[Saved entries]

***

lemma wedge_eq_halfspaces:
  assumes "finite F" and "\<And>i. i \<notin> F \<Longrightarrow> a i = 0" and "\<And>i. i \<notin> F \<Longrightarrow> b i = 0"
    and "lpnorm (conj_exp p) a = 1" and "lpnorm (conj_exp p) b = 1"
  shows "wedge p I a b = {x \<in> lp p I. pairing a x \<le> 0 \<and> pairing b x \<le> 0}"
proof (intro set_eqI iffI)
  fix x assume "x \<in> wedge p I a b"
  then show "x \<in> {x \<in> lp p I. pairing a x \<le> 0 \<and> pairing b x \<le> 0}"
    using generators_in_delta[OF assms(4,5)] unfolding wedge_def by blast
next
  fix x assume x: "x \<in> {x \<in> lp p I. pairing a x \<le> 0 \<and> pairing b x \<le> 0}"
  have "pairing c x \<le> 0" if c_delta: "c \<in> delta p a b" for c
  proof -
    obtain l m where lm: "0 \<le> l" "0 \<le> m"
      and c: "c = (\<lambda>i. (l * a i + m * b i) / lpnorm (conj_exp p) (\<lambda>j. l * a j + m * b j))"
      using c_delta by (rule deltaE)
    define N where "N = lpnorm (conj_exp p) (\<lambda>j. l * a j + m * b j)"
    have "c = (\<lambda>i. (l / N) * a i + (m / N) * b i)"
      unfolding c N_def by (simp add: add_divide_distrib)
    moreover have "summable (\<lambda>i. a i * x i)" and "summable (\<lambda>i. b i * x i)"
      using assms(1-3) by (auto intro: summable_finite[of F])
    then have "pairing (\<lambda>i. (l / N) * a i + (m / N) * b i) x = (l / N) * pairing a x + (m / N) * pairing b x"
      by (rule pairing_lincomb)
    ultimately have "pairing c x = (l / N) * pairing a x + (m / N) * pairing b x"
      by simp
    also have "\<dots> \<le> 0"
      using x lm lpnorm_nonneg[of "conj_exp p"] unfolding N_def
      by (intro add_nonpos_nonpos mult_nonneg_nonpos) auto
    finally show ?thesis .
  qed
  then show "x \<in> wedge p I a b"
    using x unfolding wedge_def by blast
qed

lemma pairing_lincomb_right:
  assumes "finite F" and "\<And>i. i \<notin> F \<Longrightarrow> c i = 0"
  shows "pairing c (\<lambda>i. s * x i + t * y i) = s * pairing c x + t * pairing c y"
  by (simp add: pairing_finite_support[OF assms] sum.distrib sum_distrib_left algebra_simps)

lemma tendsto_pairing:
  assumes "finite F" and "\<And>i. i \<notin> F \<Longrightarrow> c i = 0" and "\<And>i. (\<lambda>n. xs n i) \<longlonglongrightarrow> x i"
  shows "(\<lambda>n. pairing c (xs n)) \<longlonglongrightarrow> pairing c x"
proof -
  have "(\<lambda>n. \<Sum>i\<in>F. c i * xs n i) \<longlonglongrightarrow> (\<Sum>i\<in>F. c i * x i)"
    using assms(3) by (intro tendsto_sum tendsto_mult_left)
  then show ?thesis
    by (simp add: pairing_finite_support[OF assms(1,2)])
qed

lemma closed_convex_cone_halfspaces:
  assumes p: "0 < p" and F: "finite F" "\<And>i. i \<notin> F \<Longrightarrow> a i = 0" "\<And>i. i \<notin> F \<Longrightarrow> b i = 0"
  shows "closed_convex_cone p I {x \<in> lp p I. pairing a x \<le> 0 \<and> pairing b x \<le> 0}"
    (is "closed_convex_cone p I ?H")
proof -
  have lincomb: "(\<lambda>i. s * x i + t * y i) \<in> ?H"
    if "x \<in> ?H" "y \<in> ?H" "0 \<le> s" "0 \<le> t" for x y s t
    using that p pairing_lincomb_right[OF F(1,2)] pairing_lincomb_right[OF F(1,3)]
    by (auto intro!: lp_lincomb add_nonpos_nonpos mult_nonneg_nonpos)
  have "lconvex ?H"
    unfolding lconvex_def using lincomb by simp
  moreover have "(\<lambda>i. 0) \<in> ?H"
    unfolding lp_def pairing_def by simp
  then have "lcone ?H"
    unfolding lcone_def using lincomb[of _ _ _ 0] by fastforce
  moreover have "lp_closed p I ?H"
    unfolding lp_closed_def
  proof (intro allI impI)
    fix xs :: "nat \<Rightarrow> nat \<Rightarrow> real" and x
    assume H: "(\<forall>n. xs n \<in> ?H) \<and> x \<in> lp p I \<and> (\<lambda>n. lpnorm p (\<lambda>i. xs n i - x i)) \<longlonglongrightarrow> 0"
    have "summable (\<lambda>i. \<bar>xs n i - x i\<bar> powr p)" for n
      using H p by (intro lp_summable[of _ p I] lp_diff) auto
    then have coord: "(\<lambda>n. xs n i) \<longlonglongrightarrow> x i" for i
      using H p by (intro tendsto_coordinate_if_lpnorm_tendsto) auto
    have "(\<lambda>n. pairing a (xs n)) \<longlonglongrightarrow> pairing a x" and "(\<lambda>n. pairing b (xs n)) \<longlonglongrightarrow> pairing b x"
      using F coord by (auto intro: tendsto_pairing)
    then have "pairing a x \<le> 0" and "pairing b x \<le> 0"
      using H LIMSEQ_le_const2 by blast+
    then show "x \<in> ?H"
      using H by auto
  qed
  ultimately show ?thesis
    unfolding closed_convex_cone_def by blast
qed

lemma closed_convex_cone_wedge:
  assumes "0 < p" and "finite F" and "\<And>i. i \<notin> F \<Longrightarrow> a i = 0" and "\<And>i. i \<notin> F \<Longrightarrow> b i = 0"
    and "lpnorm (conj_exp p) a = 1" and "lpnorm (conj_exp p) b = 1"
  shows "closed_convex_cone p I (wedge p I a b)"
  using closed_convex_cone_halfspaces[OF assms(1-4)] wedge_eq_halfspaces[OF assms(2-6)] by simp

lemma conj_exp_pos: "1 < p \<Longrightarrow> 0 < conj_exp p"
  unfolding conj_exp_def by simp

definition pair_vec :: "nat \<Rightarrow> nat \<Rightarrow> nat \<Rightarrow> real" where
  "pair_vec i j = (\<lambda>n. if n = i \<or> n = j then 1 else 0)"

***

Would you please reproduce the records above exactly, only from their first line through the line holding "obtain l m where", with both ends included?

lemma wedge_eq_halfspaces:
  assumes "finite F" and "\<And>i. i \<notin> F \<Longrightarrow> a i = 0" and "\<And>i. i \<notin> F \<Longrightarrow> b i = 0"
    and "lpnorm (conj_exp p) a = 1" and "lpnorm (conj_exp p) b = 1"
  shows "wedge p I a b = {x \<in> lp p I. pairing a x \<le> 0 \<and> pairing b x \<le> 0}"
proof (intro set_eqI iffI)
  fix x assume "x \<in> wedge p I a b"
  then show "x \<in> {x \<in> lp p I. pairing a x \<le> 0 \<and> pairing b x \<le> 0}"
    using generators_in_delta[OF assms(4,5)] unfolding wedge_def by blast
next
  fix x assume x: "x \<in> {x \<in> lp p I. pairing a x \<le> 0 \<and> pairing b x \<le> 0}"
  have "pairing c x \<le> 0" if c_delta: "c \<in> delta p a b" for c
  proof -
    obtain l m where lm: "0 \<le> l" "0 \<le> m"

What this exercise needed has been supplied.